Lecteurs, qui souhaitez n’avoir rien à craindre des chevaliers grimpants, ne laissez jamais votre clé à votre porte ; ne cachez pas celle de votre buffet, car ils la trouveront infailliblement, gardez-la dans votre poche. Que votre portier ait ou une sonnette ou un sifflet, pour indiquer l’arrivée d’un étranger et l’étage où il va ; qu’il ne soit ni tailleur, ni cordonnier, ni bottier, enfin qu’il n’exerce aucun état que celui de portier. Qu’il ne balaye jamais le matin sans tenir sa porte fermée ou sans laisser aux aguets sa fille ou toute autre personne. N’oubliez pas, je crois vous l’avoir déjà dit, que les voleurs sont dans l’usage de chercher sous les paillassons, sous les tapis, sous les vases, dans les buffets, derrière les tableaux, dans les encoignures de poêles, sur les corniches, etc. Recommandez à vos gens de ne jamais souffrir que qui que ce soit reste seul dans une pièce de votre appartement. Si quelqu’un, en votre absence, demande à vous écrire un mot, que votre domestique se garde bien d’aller lui chercher du papier, mais qu’il l’envoye à la loge, où on lui fournira ce dont il a besoin.

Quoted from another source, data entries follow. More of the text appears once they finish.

lemma mmult_single_entry_right:
  "mmult (M :: ('v::finite, 'k::field) rmat) (single_entry j k b) =
     (\<lambda>r c. if c = k then M r j * b else 0)"
proof (intro ext)
  fix r c
  have "(\<Sum>l\<in>UNIV. M r l * single_entry j k b l c) =
      (\<Sum>l\<in>UNIV. if l = j then (if c = k then M r j * b else 0) else 0)"
    by (rule sum.cong) (auto simp: single_entry_def)
  then show "mmult M (single_entry j k b) r c = (if c = k then M r j * b else 0)"
    by (simp add: mmult_def)
qed

lemma idem_eq_single_entry: "idem v = single_entry v v 1"
  by (simp add: idem_def single_entry_def)

lemma path_mat_eq_single_entry:
  "path_mat hq tq Up Um p = single_entry (phead hq p) (ptail tq p) (path_wt Up Um p)"
  by (simp add: path_mat_def single_entry_def)

lemma idem_mmult_idem:
  "mmult (mmult (idem i) (X :: ('v::finite, 'k::field) rmat)) (idem j) = single_entry i j (X i j)"
  unfolding idem_eq_single_entry mmult_single_entry_left mmult_single_entry_right
  by (intro ext) (simp add: single_entry_def)

lemma path_wt_append: "path_wt Up Um (xs @ ys) = path_wt Up Um xs * path_wt Up Um ys"
  by (simp add: path_wt_def)

lemma is_path_appendD:
  assumes path: "is_path hq tq (a @ b)" and "a \<noteq> []" and "b \<noteq> []"
  shows "is_path hq tq a \<and> is_path hq tq b \<and> phead hq a = ptail tq b"
proof (intro conjI)
  have step: "hq ((a @ b) ! k) = tq ((a @ b) ! Suc k)" if "Suc k < length a + length b" for k
    using path that by (simp add: is_path_def)
  show "is_path hq tq a"
    unfolding is_path_def
  proof (intro conjI allI impI)
    fix k assume "Suc k < length a"
    with step[of k] show "hq (a ! k) = tq (a ! Suc k)" by (simp add: nth_append)
  qed (fact \<open>a \<noteq> []\<close>)
  show "is_path hq tq b"
    unfolding is_path_def
  proof (intro conjI allI impI)
    fix k assume "Suc k < length b"
    with step[of "length a + k"] show "hq (b ! k) = tq (b ! Suc k)" by (simp add: nth_append)
  qed (fact \<open>b \<noteq> []\<close>)
  have "Suc (length a - 1) < length a + length b"
    using \<open>a \<noteq> []\<close> \<open>b \<noteq> []\<close> by (simp add: Suc_leI)
  from step[OF this] show "phead hq a = ptail tq b"
    using \<open>a \<noteq> []\<close> \<open>b \<noteq> []\<close>
    by (simp add: phead_def ptail_def nth_append last_conv_nth hd_conv_nth)
qed

lemma prefix_in_paths_from_to:
  assumes "is_path hq tq (a @ b)" and "b \<noteq> []"
  shows "a \<in> paths_from_to hq tq (ptail tq (a @ b)) (ptail tq b)"
  using assms is_path_appendD[OF assms(1) _ assms(2)]
  by (cases "a = []") (auto simp: paths_from_to_def ptail_def)

lemma suffix_in_paths_from_to:
  assumes "is_path hq tq (a @ b)" and "a \<noteq> []"
  shows "b \<in> paths_from_to hq tq (phead hq a) (phead hq (a @ b))"
  using assms is_path_appendD[OF assms(1) assms(2)]
  by (cases "b = []") (auto simp: paths_from_to_def phead_def)

lemma path_wt_in_ghor_entry:
  assumes "p \<in> paths_from_to hq tq j i"
  shows "(path_wt Up Um p :: 'k::field ratfun) \<in> ghor_entry hq tq Up Um i j"
proof -
  have "scal (1::'k) = 1"
    by (simp add: scal_def One_fract_def)
  then show ?thesis
    unfolding ghor_entry_def using assms
    by (intro CollectI exI[of _ "{p}"] exI[of _ "\<lambda>_. 1"]) auto
qed

lemma one_in_loc_cycles:
  assumes "1 \<notin> q"
  shows "(1 :: 'k::field ratfun) \<in> loc_cycles hq tq Up Um q j"
proof -
  have "[] \<in> paths_from_to hq tq j j"
    by (simp add: paths_from_to_def)
  from path_wt_in_ghor_entry[OF this]
  have "(1 :: 'k ratfun) \<in> ghor_entry hq tq Up Um j j"
    by (simp add: path_wt_def)
  with assms have "(1 :: 'k ratfun) / 1 \<in> loc_cycles hq tq Up Um q j"
    unfolding loc_cycles_def by blast
  then show ?thesis
    by simp
qed

lemma single_entry_in_cyc_loc:
  assumes "1 \<notin> q" and "w \<in> ghor_entry hq tq Up Um i j"
  shows "(single_entry i j w :: ('v::finite, 'k::field) rmat) \<in> cyc_loc hq tq Up Um q"
proof -
  have "\<exists>a b. single_entry i j w r c = a * b \<and>
      a \<in> ghor_entry hq tq Up Um r c \<and> b \<in> loc_cycles hq tq Up Um q c" for r c
  proof -
    have "(0 :: 'k ratfun) \<in> ghor_entry hq tq Up Um r c"
      unfolding ghor_entry_def by (intro CollectI exI[of _ "{}"]) auto
    then have "single_entry i j w r c \<in> ghor_entry hq tq Up Um r c"
      using assms(2) by (simp add: single_entry_def)
    moreover have "single_entry i j w r c = single_entry i j w r c * 1"
      by simp
    ultimately show ?thesis
      using one_in_loc_cycles[OF assms(1), of hq tq Up Um c] by blast
  qed
  then show ?thesis
    by (intro cyc_loc.gen allI)
qed

lemma loc_invertible_iff:
  "loc_invertible hq tq Up Um q p \<longleftrightarrow>
     (\<exists>X \<in> cyc_loc hq tq Up Um q. X (ptail tq p) (phead hq p) * path_wt Up Um p = 1)"
  (is "_ \<longleftrightarrow> (\<exists>X \<in> _. ?inverts X)")
proof
  assume "loc_invertible hq tq Up Um q p"
  then obtain X where "X \<in> cyc_loc hq tq Up Um q"
    and left_inv: "mmult (mmult (mmult (idem (ptail tq p)) X) (idem (phead hq p)))
      (path_mat hq tq Up Um p) = idem (ptail tq p)"
    unfolding loc_invertible_def by blast
  from fun_cong[OF fun_cong[OF left_inv, of "ptail tq p"], of "ptail tq p"] have "?inverts X"
    unfolding idem_mmult_idem path_mat_eq_single_entry mmult_single_entry_left
    by (simp add: single_entry_def idem_def)
  with \<open>X \<in> _\<close> show "\<exists>X \<in> cyc_loc hq tq Up Um q. ?inverts X" by blast
next
  assume "\<exists>X \<in> cyc_loc hq tq Up Um q. ?inverts X"
  then obtain X where "X \<in> cyc_loc hq tq Up Um q" and inv: "?inverts X" ..
  let ?Q = "single_entry (ptail tq p) (phead hq p) (X (ptail tq p) (phead hq p))"
  have "?Q = mmult (mmult (idem (ptail tq p)) X) (idem (phead hq p))"
    by (simp add: idem_mmult_idem)
  moreover have "mmult ?Q (path_mat hq tq Up Um p) = idem (ptail tq p)"
    unfolding path_mat_eq_single_entry mmult_single_entry_left
    by (intro ext) (simp add: single_entry_def idem_def inv)
  moreover have "mmult (path_mat hq tq Up Um p) ?Q = idem (phead hq p)"
    unfolding path_mat_eq_single_entry mmult_single_entry_right
    using inv by (intro ext) (simp add: single_entry_def idem_def mult.commute)
  ultimately show "loc_invertible hq tq Up Um q p"
    unfolding loc_invertible_def using \<open>X \<in> _\<close> by blast
qed

lemma loc_invertible_subpath:
  assumes "1 \<notin> q" and "is_path hq tq p" and "loc_invertible hq tq Up Um q p"
    and "is_subpath s p"
  shows "loc_invertible hq tq Up Um q s"
proof -
  obtain xs zs where p: "p = xs @ s @ zs" and "s \<noteq> []"
    using \<open>is_subpath s p\<close> by (auto simp: is_subpath_def)
  obtain X where "X \<in> cyc_loc hq tq Up Um q"
    and inv: "X (ptail tq p) (phead hq p) * path_wt Up Um p = 1"
    using \<open>loc_invertible hq tq Up Um q p\<close> unfolding loc_invertible_iff by blast
  have "xs \<in> paths_from_to hq tq (ptail tq p) (ptail tq s)"
    using prefix_in_paths_from_to[of hq tq xs "s @ zs"] \<open>is_path hq tq p\<close> \<open>s \<noteq> []\<close>
    by (simp add: p ptail_def)
  moreover have "zs \<in> paths_from_to hq tq (phead hq s) (phead hq p)"
    using suffix_in_paths_from_to[of hq tq "xs @ s" zs] \<open>is_path hq tq p\<close> \<open>s \<noteq> []\<close>
    by (simp add: p phead_def)
  ultimately have
    "single_entry (ptail tq s) (ptail tq p) (path_wt Up Um xs) \<in> cyc_loc hq tq Up Um q"
    "single_entry (phead hq p) (phead hq s) (path_wt Up Um zs) \<in> cyc_loc hq tq Up Um q"
    using single_entry_in_cyc_loc[OF \<open>1 \<notin> q\<close> path_wt_in_ghor_entry] by blast+
  then have Y: "mmult (mmult (single_entry (ptail tq s) (ptail tq p) (path_wt Up Um xs)) X)
      (single_entry (phead hq p) (phead hq s) (path_wt Up Um zs)) \<in> cyc_loc hq tq Up Um q"
    (is "?Y \<in> _")
    using \<open>X \<in> _\<close> by (blast intro: cyc_loc.mult)
  have "?Y (ptail tq s) (phead hq s) * path_wt Up Um s
      = path_wt Up Um xs * X (ptail tq p) (phead hq p) * path_wt Up Um zs * path_wt Up Um s"
    by (simp add: mmult_single_entry_left mmult_single_entry_right)
  also have "\<dots> = X (ptail tq p) (phead hq p) *
      (path_wt Up Um xs * path_wt Up Um s * path_wt Up Um zs)"
    by (simp only: mult_ac)
  also have "\<dots> = X (ptail tq p) (phead hq p) * path_wt Up Um p"
    by (simp add: p path_wt_append mult.assoc)
  finally have "?Y (ptail tq s) (phead hq s) * path_wt Up Um s = 1"
    using inv by (simp only:)
  from this Y show ?thesis
    unfolding loc_invertible_iff by (rule bexI[where x = ?Y])
qed

theorem lemma4p4:
  fixes hq tq :: "'a::finite \<Rightarrow> 'v::finite"
    and Up Um :: "'a list set"
    and q :: "'k::alg_closed_field ratfun set"
  assumes "dimer_quiver hq tq Up Um"
    and "prime_ideal_of (cycle_alg hq tq Up Um) q"
  shows "\<forall>p s. is_cycle hq tq p \<and> loc_invertible hq tq Up Um q p \<and> is_subpath s p
           \<longrightarrow> loc_invertible hq tq Up Um q s"
proof (intro allI impI)
  fix p s
  assume "is_cycle hq tq p \<and> loc_invertible hq tq Up Um q p \<and> is_subpath s p"
  then have "is_path hq tq p" "loc_invertible hq tq Up Um q p" "is_subpath s p"
    by (simp_all add: is_cycle_def)
  moreover have "1 \<notin> q"
    using assms(2) by (simp add: prime_ideal_of_def)
  ultimately show "loc_invertible hq tq Up Um q s"
    using loc_invertible_subpath by blast
qed

end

Méfiez-vous des vitriers ambulants, des étameurs de cuillères, des raccommodeurs de faïence, des petits savoyards, et de cette armée roulante d’hommes et de femmes qui colportent des couvertures, de la toile, du calicot, de la mousseline, etc. Suivez les modistes qui montent avec des cartons, les marchandes à la toilette ou autres, qui viennent offrir des marchandises : tous ces coureurs et coureuses sont des voleurs ou des affidés de voleurs qui poussent des reconnaissances. Soyez surtout sur vos gardes lorsqu’il y a, ou qu’il y a eu des ouvriers dans la maison que vous habitez. Rarement il ne se commet pas un ou plusieurs vols après le passage des maçons, carreleurs, couvreurs, peintres en bâtiment, etc. N’ayez affaire aux marchands d’habits, vieux galons, que dans la rue. Si vous pouvez faire autrement, ne vous logez jamais dans la même maison qu’une blanchisseuse, qu’un médecin, qu’une sage-femme, qu’un commissaire de bienfaisance, qu’un bureau de prêt, qu’une justice de paix, qu’un commissaire de police, qu’un avoué, qu’un huissier. Évitez les maisons où il y a beaucoup de mouvement et une perpétuelle circulation du public.